DINCH production concentrates in Europe. BASF manufactures it at Ludwigshafen, and Evonik Oxeno recently expanded DINCH capacity (branded ELATUR CH) at its Marl, Germany site, establishing itself as a second European producer. This partially mitigates single-source risk, but production remains geographically concentrated. For manufacturers in Asia or those prioritizing supply chain diversification, DEHCH offers more procurement flexibility.
Making the Right Choice
Neither DEHCH nor DINCH is universally superior — application sensitivity is the deciding factor.
Choose DEHCH for general PVC compounding where processing speed and cost efficiency drive the decision: wire and cable insulation, wallcoverings, construction materials, and general flexible PVC products.
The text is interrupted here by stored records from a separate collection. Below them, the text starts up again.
(* Let $0<e\le1$. For all $\sigma,k\in\mathbb{R}^3$ with $|\sigma|=|k|=1$ and all $z\in\mathbb{R}^3$, $$\big|P_{\sigma',k'}(z)-P_{k,\sigma}(z)\big|\le 2\,\frac{1-e}{e}\,|z|,$$ where $k'=\frac{(1-e)k+(1+e)\sigma}{\sqrt{2(1+e^2)+2(1-e^2)k\cdot\sigma}}$ and $\sigma'=\frac{(1+e)k+(1-e)\sigma}{\sqrt{2(1+e^2)+2(1-e^2)k\cdot\sigma}}$.
   Context: For vectors $a,b\in\mathbb{R}^3$, $P_{a,b}$ denotes the linear map $P_{a,b}(x)=(a\cdot x)\,b+(b\cdot a)\,x-(b\cdot x)\,a$. *)

theory Defs
  imports "HOL-Analysis.Analysis"
begin

definition P :: "real^3 \<Rightarrow> real^3 \<Rightarrow> real^3 \<Rightarrow> real^3" where
  "P a b x = (a \<bullet> x) *\<^sub>R b + (b \<bullet> a) *\<^sub>R x - (b \<bullet> x) *\<^sub>R a"

end

theory Submission imports Defs begin

(* Write c = k \<bullet> \<sigma>, s = |\<sigma> \<times> k| (so s^2 = 1 - c^2 for unit vectors) and
   w = (k \<bullet> z) \<sigma> - (\<sigma> \<bullet> z) k = z \<times> (\<sigma> \<times> k), so that |w| \<le> s |z|.
   Expanding P bilinearly gives P k \<sigma> z = w + c z and, with Q = D^2,
   P \<sigma>' k' z = (4e w + (2(1-e^2) + 2(1+e^2) c) z) / Q.  Hence
     P \<sigma>' k' z - P k \<sigma> z = (-2(1-e) a w + 2(1-e^2) s^2 z) / Q,   a = (1-e) + (1+e) c,
   and Q = a^2 + ((1+e) s)^2.  By the triangle inequality the norm of the difference is
   at most 2(1-e) s (|a| + (1+e) s) |z| / Q, and the elementary inequality
   e s (u + (1+e) s) \<le> u^2 + ((1+e) s)^2 (for u, s \<ge> 0, e \<le> 1) bounds this by
   2 (1-e)/e |z|. *)

unbundle cross3_syntax

lemma P_swapped_combination:
  fixes A B :: real and k \<sigma> z :: "real^3"
  shows "P (A *\<^sub>R k + B *\<^sub>R \<sigma>) (B *\<^sub>R k + A *\<^sub>R \<sigma>) z =
     (A * A - B * B) *\<^sub>R ((k \<bullet> z) *\<^sub>R \<sigma> - (\<sigma> \<bullet> z) *\<^sub>R k)
     + (A * B * (k \<bullet> k) + (A * A + B * B) * (k \<bullet> \<sigma>) + A * B * (\<sigma> \<bullet> \<sigma>)) *\<^sub>R z"
  unfolding P_def
  by (simp add: inner_add_left inner_add_right inner_commute algebra_simps)

(* Scaling both vector arguments by t scales P by t^2; this absorbs the 1/D. *)
lemma P_scale: "P (t *\<^sub>R a) (t *\<^sub>R b) z = (t * t) *\<^sub>R P a b z"
  unfolding P_def by (simp add: algebra_simps)

lemma P_split: "P k \<sigma> z = ((k \<bullet> z) *\<^sub>R \<sigma> - (\<sigma> \<bullet> z) *\<^sub>R k) + (k \<bullet> \<sigma>) *\<^sub>R z"
  unfolding P_def by (simp add: inner_commute algebra_simps)

text \<open>The rotation part is a double cross product, hence controlled by |\<sigma> \<times> k|.\<close>

(* Cauchy-Schwarz for the cross product, from Lagrange's identity. *)
lemma norm_cross_le: "norm (x \<times> y) \<le> norm x * norm y"
proof -
  have "(norm (x \<times> y))\<^sup>2 \<le> (norm x * norm y)\<^sup>2"
    using norm_cross_dot[of x y] by (smt (verit) zero_le_power2)
  thus ?thesis by (simp add: power2_le_iff_abs_le)
qed

lemma rotation_part_bound:
  "norm ((k \<bullet> z) *\<^sub>R \<sigma> - (\<sigma> \<bullet> z) *\<^sub>R k) \<le> norm (\<sigma> \<times> k) * norm z"
proof -
  have "(k \<bullet> z) *\<^sub>R \<sigma> - (\<sigma> \<bullet> z) *\<^sub>R k = z \<times> (\<sigma> \<times> k)"
    by (simp add: cross3_simps forall_3)
  thus ?thesis using norm_cross_le[of z "\<sigma> \<times> k"] by (simp add: mult.commute)
qed

text \<open>The scalar inequality behind the constant 2(1-e)/e: with v = (1+e)s one has
  e s \<le> v/2, and v(u+v)/2 \<le> u^2 + v^2.\<close>

lemma scalar_key_inequality:
  fixes e s u :: real
  assumes "e \<le> 1" "0 \<le> e" "0 \<le> s" "0 \<le> u"
  shows "e * s * (u + (1 + e) * s) \<le> u\<^sup>2 + ((1 + e) * s)\<^sup>2"
proof -
  define v where "v = (1 + e) * s"
  have "v \<ge> 0" unfolding v_def using assms by simp
  have "e * s \<le> (1 + e) / 2 * s"
    using assms by (intro mult_right_mono) auto
  hence "e * s \<le> v / 2" unfolding v_def by simp
  hence "e * s * (u + v) \<le> v / 2 * (u + v)"
    using \<open>v \<ge> 0\<close> assms(4) by (intro mult_right_mono) auto
  also have "\<dots> \<le> u\<^sup>2 + v\<^sup>2"
  proof -
    have "2 * (u * v) \<le> u\<^sup>2 + v\<^sup>2"
      using zero_le_power2[of "u - v"] by (simp add: power2_diff)
    moreover have "v / 2 * (u + v) = (u * v) / 2 + v\<^sup>2 / 2"
      by (simp add: power2_eq_square algebra_simps)
    ultimately show ?thesis using zero_le_power2[of u] zero_le_power2[of v] by linarith
  qed
  finally show ?thesis unfolding v_def .
qed

lemma collision_difference:
  fixes e :: real and \<sigma> k z :: "real^3"
  defines "w \<equiv> (k \<bullet> z) *\<^sub>R \<sigma> - (\<sigma> \<bullet> z) *\<^sub>R k"
  assumes "norm \<sigma> = 1" "norm k = 1"
    and c_def: "c = k \<bullet> \<sigma>" and Q_def: "Q = 2 * (1 + e\<^sup>2) + 2 * (1 - e\<^sup>2) * c"
    and "Q > 0"
  shows "P ((1 / sqrt Q) *\<^sub>R ((1 + e) *\<^sub>R k + (1 - e) *\<^sub>R \<sigma>))
           ((1 / sqrt Q) *\<^sub>R ((1 - e) *\<^sub>R k + (1 + e) *\<^sub>R \<sigma>)) z - P k \<sigma> z
       = (- 2 * (1 - e) * ((1 - e) + (1 + e) * c) / Q) *\<^sub>R w
         + (2 * (1 - e\<^sup>2) * (1 - c\<^sup>2) / Q) *\<^sub>R z"
proof -
  have kk: "k \<bullet> k = 1" and ss: "\<sigma> \<bullet> \<sigma> = 1"
    using assms(2,3) by (simp_all add: dot_square_norm)
  have post: "P ((1 / sqrt Q) *\<^sub>R ((1 + e) *\<^sub>R k + (1 - e) *\<^sub>R \<sigma>))
           ((1 / sqrt Q) *\<^sub>R ((1 - e) *\<^sub>R k + (1 + e) *\<^sub>R \<sigma>)) z
     = (1 / Q) *\<^sub>R ((4 * e) *\<^sub>R w + (2 * (1 - e\<^sup>2) + 2 * (1 + e\<^sup>2) * c) *\<^sub>R z)"
    unfolding P_scale P_swapped_combination using assms(6) kk ss
    by (simp add: w_def c_def power2_eq_square algebra_simps inner_commute)
  have pre: "P k \<sigma> z = w + c *\<^sub>R z"
    unfolding P_split w_def c_def ..
  have coeff_w: "- 2 * (1 - e) * ((1 - e) + (1 + e) * c) / Q = 4 * e / Q - 1"
    using assms(6) unfolding Q_def c_def by (simp add: field_simps power2_eq_square)
  have coeff_z: "2 * (1 - e\<^sup>2) * (1 - c\<^sup>2) / Q = (2 * (1 - e\<^sup>2) + 2 * (1 + e\<^sup>2) * c) / Q - c"
    using assms(6) unfolding Q_def c_def by (simp add: field_simps power2_eq_square)
  show ?thesis unfolding post pre coeff_w coeff_z
    by (simp add: scaleR_diff_left scaleR_diff_right scaleR_add_right scaleR_add_left
        diff_divide_distrib add_divide_distrib)
qed

lemma difference_norm_bound:
  fixes e a s Q :: real and w z :: "'v::real_normed_vector"
  assumes e: "0 < e" "e \<le> 1" and s: "0 \<le> s"
    and Q: "Q = a\<^sup>2 + ((1 + e) * s)\<^sup>2" "Q > 0"
    and w: "norm w \<le> s * norm z"
  shows "norm ((- 2 * (1 - e) * a / Q) *\<^sub>R w + (2 * (1 - e\<^sup>2) * s\<^sup>2 / Q) *\<^sub>R z)
         \<le> 2 * ((1 - e) / e) * norm z"
proof -
  have abs_w: "\<bar>- 2 * (1 - e) * a / Q\<bar> = 2 * (1 - e) * \<bar>a\<bar> / Q"
    using e Q(2) by (simp add: abs_mult)
  have abs_z: "\<bar>2 * (1 - e\<^sup>2) * s\<^sup>2 / Q\<bar> = 2 * (1 - e\<^sup>2) * s\<^sup>2 / Q"
    using e Q(2) by (simp add: power_le_one)
  have "norm ((- 2 * (1 - e) * a / Q) *\<^sub>R w + (2 * (1 - e\<^sup>2) * s\<^sup>2 / Q) *\<^sub>R z)
      \<le> 2 * (1 - e) * \<bar>a\<bar> / Q * norm w + 2 * (1 - e\<^sup>2) * s\<^sup>2 / Q * norm z"
    by (rule order_trans[OF norm_triangle_ineq]) (simp only: norm_scaleR abs_w abs_z order_refl)
  also have "\<dots> \<le> 2 * (1 - e) * \<bar>a\<bar> / Q * (s * norm z) + 2 * (1 - e\<^sup>2) * s\<^sup>2 / Q * norm z"
    using w e Q(2) by (intro add_right_mono mult_left_mono) auto
  also have "\<dots> = 2 * (1 - e) / (e * Q) * (e * s * (\<bar>a\<bar> + (1 + e) * s)) * norm z"
    using Q(2) e(1) by (simp add: field_simps power2_eq_square)
  also have "\<dots> \<le> 2 * (1 - e) / (e * Q) * Q * norm z"
    using scalar_key_inequality[of e s "\<bar>a\<bar>"] e s Q
    by (intro mult_right_mono mult_left_mono) auto
  also have "\<dots> = 2 * ((1 - e) / e) * norm z"
    using Q(2) by simp
  finally show ?thesis .
qed

theorem lemma2p5:
  fixes e :: real and \<sigma> k z :: "real^3"
  assumes "0 < e" and "e \<le> 1"
    and "norm \<sigma> = 1" and "norm k = 1"
    and "2 * (1 + e\<^sup>2) + 2 * (1 - e\<^sup>2) * (k \<bullet> \<sigma>) \<noteq> 0"
  shows "let D = sqrt (2 * (1 + e\<^sup>2) + 2 * (1 - e\<^sup>2) * (k \<bullet> \<sigma>));
             k' = (1 / D) *\<^sub>R ((1 - e) *\<^sub>R k + (1 + e) *\<^sub>R \<sigma>);
             \<sigma>' = (1 / D) *\<^sub>R ((1 + e) *\<^sub>R k + (1 - e) *\<^sub>R \<sigma>)
         in norm (P \<sigma>' k' z - P k \<sigma> z) \<le> 2 * ((1 - e) / e) * norm z"
proof -
  define c where "c = k \<bullet> \<sigma>"
  define s where "s = norm (\<sigma> \<times> k)"
  define Q where "Q = 2 * (1 + e\<^sup>2) + 2 * (1 - e\<^sup>2) * c"
  have s_sq: "s\<^sup>2 = 1 - c\<^sup>2"
    using norm_cross_dot[of \<sigma> k] assms(3,4) unfolding s_def c_def by (simp add: inner_commute)
  have Q_sum: "Q = ((1 - e) + (1 + e) * c)\<^sup>2 + ((1 + e) * s)\<^sup>2"
    unfolding Q_def power_mult_distrib s_sq by (simp add: power2_eq_square algebra_simps)
  have Q_pos: "Q > 0"
    using assms(5) Q_sum unfolding Q_def c_def by (smt (verit) zero_le_power2)
  have "norm (P ((1 / sqrt Q) *\<^sub>R ((1 + e) *\<^sub>R k + (1 - e) *\<^sub>R \<sigma>))
           ((1 / sqrt Q) *\<^sub>R ((1 - e) *\<^sub>R k + (1 + e) *\<^sub>R \<sigma>)) z - P k \<sigma> z)
        \<le> 2 * ((1 - e) / e) * norm z"
    unfolding collision_difference[OF assms(3,4) c_def Q_def Q_pos] s_sq[symmetric]
    using difference_norm_bound[OF assms(1,2) _ Q_sum Q_pos] rotation_part_bound[of k z \<sigma>]
    unfolding s_def by simp
  thus ?thesis unfolding Let_def Q_def c_def .
qed

end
Its twice-faster gelation, lower viscosity, and multi-source supply chain make it the practical choice when food contact or medical regulations do not apply.
Choose DINCH when regulatory depth is non-negotiable: food contact packaging, medical devices, toys, and childcare articles. Its 17-year regulatory track record, deeper migration data, and broad application clearances justify the cost premium in these sensitive categories. Treating these two cyclohexanoates as interchangeable ignores the structural and regulatory differences that should drive your selection.